WORK TASK: Once you find the line with "using nbrs by (simp add: sum_mono)" in the entries below, return exactly every line from it through the line with "distinct gives \<open>triangle_pendants\<close>.\<close>".

=======

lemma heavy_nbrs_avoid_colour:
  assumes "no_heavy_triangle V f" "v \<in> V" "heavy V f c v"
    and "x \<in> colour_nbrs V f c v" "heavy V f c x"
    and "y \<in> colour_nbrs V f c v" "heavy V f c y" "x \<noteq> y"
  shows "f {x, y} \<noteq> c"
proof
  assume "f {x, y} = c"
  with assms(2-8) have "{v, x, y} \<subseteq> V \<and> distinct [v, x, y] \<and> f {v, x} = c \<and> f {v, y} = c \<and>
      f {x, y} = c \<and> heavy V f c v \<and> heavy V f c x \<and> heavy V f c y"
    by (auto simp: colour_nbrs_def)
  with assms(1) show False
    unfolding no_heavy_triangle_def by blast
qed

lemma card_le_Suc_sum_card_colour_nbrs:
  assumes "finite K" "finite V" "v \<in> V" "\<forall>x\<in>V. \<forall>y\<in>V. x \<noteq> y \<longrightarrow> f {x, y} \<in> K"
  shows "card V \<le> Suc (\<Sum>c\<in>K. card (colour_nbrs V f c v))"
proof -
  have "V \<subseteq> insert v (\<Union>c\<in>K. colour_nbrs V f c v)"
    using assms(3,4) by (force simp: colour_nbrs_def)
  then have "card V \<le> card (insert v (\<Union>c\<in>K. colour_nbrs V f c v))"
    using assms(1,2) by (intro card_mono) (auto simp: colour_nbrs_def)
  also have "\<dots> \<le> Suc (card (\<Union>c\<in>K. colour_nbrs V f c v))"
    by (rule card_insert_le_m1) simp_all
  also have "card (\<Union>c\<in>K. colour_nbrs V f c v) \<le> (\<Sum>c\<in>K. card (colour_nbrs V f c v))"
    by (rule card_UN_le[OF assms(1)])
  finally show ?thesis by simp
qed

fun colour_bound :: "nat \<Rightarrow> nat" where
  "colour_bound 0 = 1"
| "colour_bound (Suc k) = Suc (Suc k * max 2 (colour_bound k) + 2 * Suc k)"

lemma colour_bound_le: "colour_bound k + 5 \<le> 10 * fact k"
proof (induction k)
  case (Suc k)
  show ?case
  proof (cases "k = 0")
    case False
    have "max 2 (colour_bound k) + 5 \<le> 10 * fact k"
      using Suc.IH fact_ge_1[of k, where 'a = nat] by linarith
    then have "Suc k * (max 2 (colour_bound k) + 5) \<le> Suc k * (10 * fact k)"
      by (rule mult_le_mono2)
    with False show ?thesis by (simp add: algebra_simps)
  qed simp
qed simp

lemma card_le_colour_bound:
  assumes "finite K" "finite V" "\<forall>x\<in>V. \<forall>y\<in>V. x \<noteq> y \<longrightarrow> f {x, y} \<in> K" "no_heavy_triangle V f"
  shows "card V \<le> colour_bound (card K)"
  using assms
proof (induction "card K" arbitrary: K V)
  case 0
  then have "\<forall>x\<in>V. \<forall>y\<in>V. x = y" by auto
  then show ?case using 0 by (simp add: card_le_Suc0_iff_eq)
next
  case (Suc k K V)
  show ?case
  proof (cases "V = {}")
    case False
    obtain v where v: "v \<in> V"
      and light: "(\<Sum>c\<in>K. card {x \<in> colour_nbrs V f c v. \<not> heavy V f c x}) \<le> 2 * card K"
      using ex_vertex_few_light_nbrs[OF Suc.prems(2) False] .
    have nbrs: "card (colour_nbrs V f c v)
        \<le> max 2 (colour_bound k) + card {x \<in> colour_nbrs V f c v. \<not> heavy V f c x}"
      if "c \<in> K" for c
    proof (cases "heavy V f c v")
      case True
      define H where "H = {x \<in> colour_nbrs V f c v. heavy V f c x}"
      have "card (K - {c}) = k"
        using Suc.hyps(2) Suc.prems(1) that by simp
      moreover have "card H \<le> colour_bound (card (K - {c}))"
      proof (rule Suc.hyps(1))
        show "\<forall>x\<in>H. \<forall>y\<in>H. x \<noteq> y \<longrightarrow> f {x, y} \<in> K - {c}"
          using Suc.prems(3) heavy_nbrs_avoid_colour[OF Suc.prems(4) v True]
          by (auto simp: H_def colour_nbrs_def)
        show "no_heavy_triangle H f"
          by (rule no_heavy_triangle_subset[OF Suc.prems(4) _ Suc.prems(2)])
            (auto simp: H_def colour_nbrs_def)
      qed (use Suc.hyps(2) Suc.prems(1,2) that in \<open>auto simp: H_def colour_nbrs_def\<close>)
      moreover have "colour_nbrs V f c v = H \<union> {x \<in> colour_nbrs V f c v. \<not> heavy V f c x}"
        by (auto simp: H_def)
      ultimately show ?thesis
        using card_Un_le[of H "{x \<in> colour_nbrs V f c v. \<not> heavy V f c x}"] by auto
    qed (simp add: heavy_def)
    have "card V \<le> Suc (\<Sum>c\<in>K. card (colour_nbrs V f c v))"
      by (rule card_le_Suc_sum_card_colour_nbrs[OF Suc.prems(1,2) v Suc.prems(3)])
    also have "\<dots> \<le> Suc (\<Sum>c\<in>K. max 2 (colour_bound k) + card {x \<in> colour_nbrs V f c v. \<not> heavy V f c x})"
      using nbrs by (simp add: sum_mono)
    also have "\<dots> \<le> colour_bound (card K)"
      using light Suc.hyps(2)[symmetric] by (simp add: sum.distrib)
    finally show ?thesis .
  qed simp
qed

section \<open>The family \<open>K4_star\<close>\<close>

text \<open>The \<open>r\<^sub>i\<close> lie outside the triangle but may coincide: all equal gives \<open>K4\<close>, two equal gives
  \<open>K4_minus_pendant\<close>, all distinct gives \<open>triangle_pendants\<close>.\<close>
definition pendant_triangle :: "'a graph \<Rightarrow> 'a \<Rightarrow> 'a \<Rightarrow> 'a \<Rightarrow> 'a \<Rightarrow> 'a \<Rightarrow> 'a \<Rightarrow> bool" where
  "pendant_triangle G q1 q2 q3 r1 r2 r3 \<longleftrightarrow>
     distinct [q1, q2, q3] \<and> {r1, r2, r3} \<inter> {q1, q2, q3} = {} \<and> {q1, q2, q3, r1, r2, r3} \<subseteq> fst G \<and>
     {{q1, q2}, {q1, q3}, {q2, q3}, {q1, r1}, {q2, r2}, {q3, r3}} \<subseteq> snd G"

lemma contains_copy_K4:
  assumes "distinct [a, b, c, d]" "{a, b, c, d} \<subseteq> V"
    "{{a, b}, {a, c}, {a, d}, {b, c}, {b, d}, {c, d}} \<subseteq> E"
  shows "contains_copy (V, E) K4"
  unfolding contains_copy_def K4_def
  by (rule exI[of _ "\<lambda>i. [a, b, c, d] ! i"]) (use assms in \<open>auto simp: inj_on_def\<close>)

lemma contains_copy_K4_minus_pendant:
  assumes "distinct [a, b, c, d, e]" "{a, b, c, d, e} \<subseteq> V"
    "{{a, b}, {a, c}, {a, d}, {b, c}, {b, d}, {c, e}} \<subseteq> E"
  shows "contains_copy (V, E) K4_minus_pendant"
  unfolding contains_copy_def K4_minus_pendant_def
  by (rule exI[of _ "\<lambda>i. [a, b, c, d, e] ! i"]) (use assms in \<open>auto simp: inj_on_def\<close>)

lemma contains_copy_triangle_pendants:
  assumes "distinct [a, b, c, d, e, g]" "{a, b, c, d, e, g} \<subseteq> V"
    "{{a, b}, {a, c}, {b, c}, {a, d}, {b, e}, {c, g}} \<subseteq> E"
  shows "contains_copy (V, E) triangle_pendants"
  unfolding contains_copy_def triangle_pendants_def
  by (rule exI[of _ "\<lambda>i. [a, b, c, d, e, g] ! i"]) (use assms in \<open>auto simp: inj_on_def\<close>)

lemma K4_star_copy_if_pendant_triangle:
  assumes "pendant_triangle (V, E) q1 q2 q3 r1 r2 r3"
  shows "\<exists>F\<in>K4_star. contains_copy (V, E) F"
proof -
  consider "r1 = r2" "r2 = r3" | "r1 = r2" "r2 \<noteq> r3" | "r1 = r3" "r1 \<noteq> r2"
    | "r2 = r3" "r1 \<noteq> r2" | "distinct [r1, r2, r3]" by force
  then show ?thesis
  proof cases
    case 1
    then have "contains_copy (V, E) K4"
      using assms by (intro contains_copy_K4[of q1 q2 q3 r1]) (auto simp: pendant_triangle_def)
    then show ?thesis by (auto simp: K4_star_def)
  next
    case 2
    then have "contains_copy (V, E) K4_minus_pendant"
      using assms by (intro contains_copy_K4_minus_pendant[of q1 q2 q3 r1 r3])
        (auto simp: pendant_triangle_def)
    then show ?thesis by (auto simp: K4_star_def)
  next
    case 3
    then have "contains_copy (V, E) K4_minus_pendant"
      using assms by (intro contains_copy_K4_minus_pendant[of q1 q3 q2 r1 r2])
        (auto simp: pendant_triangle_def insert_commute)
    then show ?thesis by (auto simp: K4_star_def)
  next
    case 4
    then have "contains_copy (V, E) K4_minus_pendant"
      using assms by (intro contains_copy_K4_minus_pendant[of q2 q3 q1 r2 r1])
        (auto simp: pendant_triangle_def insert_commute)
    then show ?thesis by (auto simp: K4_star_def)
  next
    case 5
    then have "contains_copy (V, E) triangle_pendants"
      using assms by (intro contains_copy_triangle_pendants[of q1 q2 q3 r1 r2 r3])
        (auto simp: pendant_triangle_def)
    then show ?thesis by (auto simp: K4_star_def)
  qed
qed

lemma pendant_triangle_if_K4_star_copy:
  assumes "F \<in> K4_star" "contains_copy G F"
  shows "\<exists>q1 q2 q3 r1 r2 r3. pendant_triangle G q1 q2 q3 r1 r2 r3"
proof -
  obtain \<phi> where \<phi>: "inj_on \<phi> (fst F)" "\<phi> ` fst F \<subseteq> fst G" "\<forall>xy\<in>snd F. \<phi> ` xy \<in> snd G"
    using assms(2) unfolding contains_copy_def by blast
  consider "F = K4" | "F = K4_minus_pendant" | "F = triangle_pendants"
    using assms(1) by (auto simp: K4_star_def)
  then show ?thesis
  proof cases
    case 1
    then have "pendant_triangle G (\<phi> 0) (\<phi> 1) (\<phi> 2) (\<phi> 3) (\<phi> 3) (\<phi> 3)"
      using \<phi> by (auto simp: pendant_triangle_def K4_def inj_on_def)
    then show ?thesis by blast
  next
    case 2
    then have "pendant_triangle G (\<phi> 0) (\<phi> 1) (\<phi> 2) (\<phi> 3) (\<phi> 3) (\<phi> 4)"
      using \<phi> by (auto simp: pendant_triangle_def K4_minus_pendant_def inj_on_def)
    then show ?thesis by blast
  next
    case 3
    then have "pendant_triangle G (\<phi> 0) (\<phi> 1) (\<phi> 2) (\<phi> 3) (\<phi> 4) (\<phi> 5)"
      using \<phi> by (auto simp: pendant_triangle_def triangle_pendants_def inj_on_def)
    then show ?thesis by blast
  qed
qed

=======

TASK OUTPUT:
      using nbrs by (simp add: sum_mono)
    also have "\<dots> \<le> colour_bound (card K)"
      using light Suc.hyps(2)[symmetric] by (simp add: sum.distrib)
    finally show ?thesis .
  qed simp
qed

section \<open>The family \<open>K4_star\<close>\<close>

text \<open>The \<open>r\<^sub>i\<close> lie outside the triangle but may coincide: all equal gives \<open>K4\<close>, two equal gives
  \<open>K4_minus_pendant\<close>, all distinct gives \<open>triangle_pendants\<close>.\<close>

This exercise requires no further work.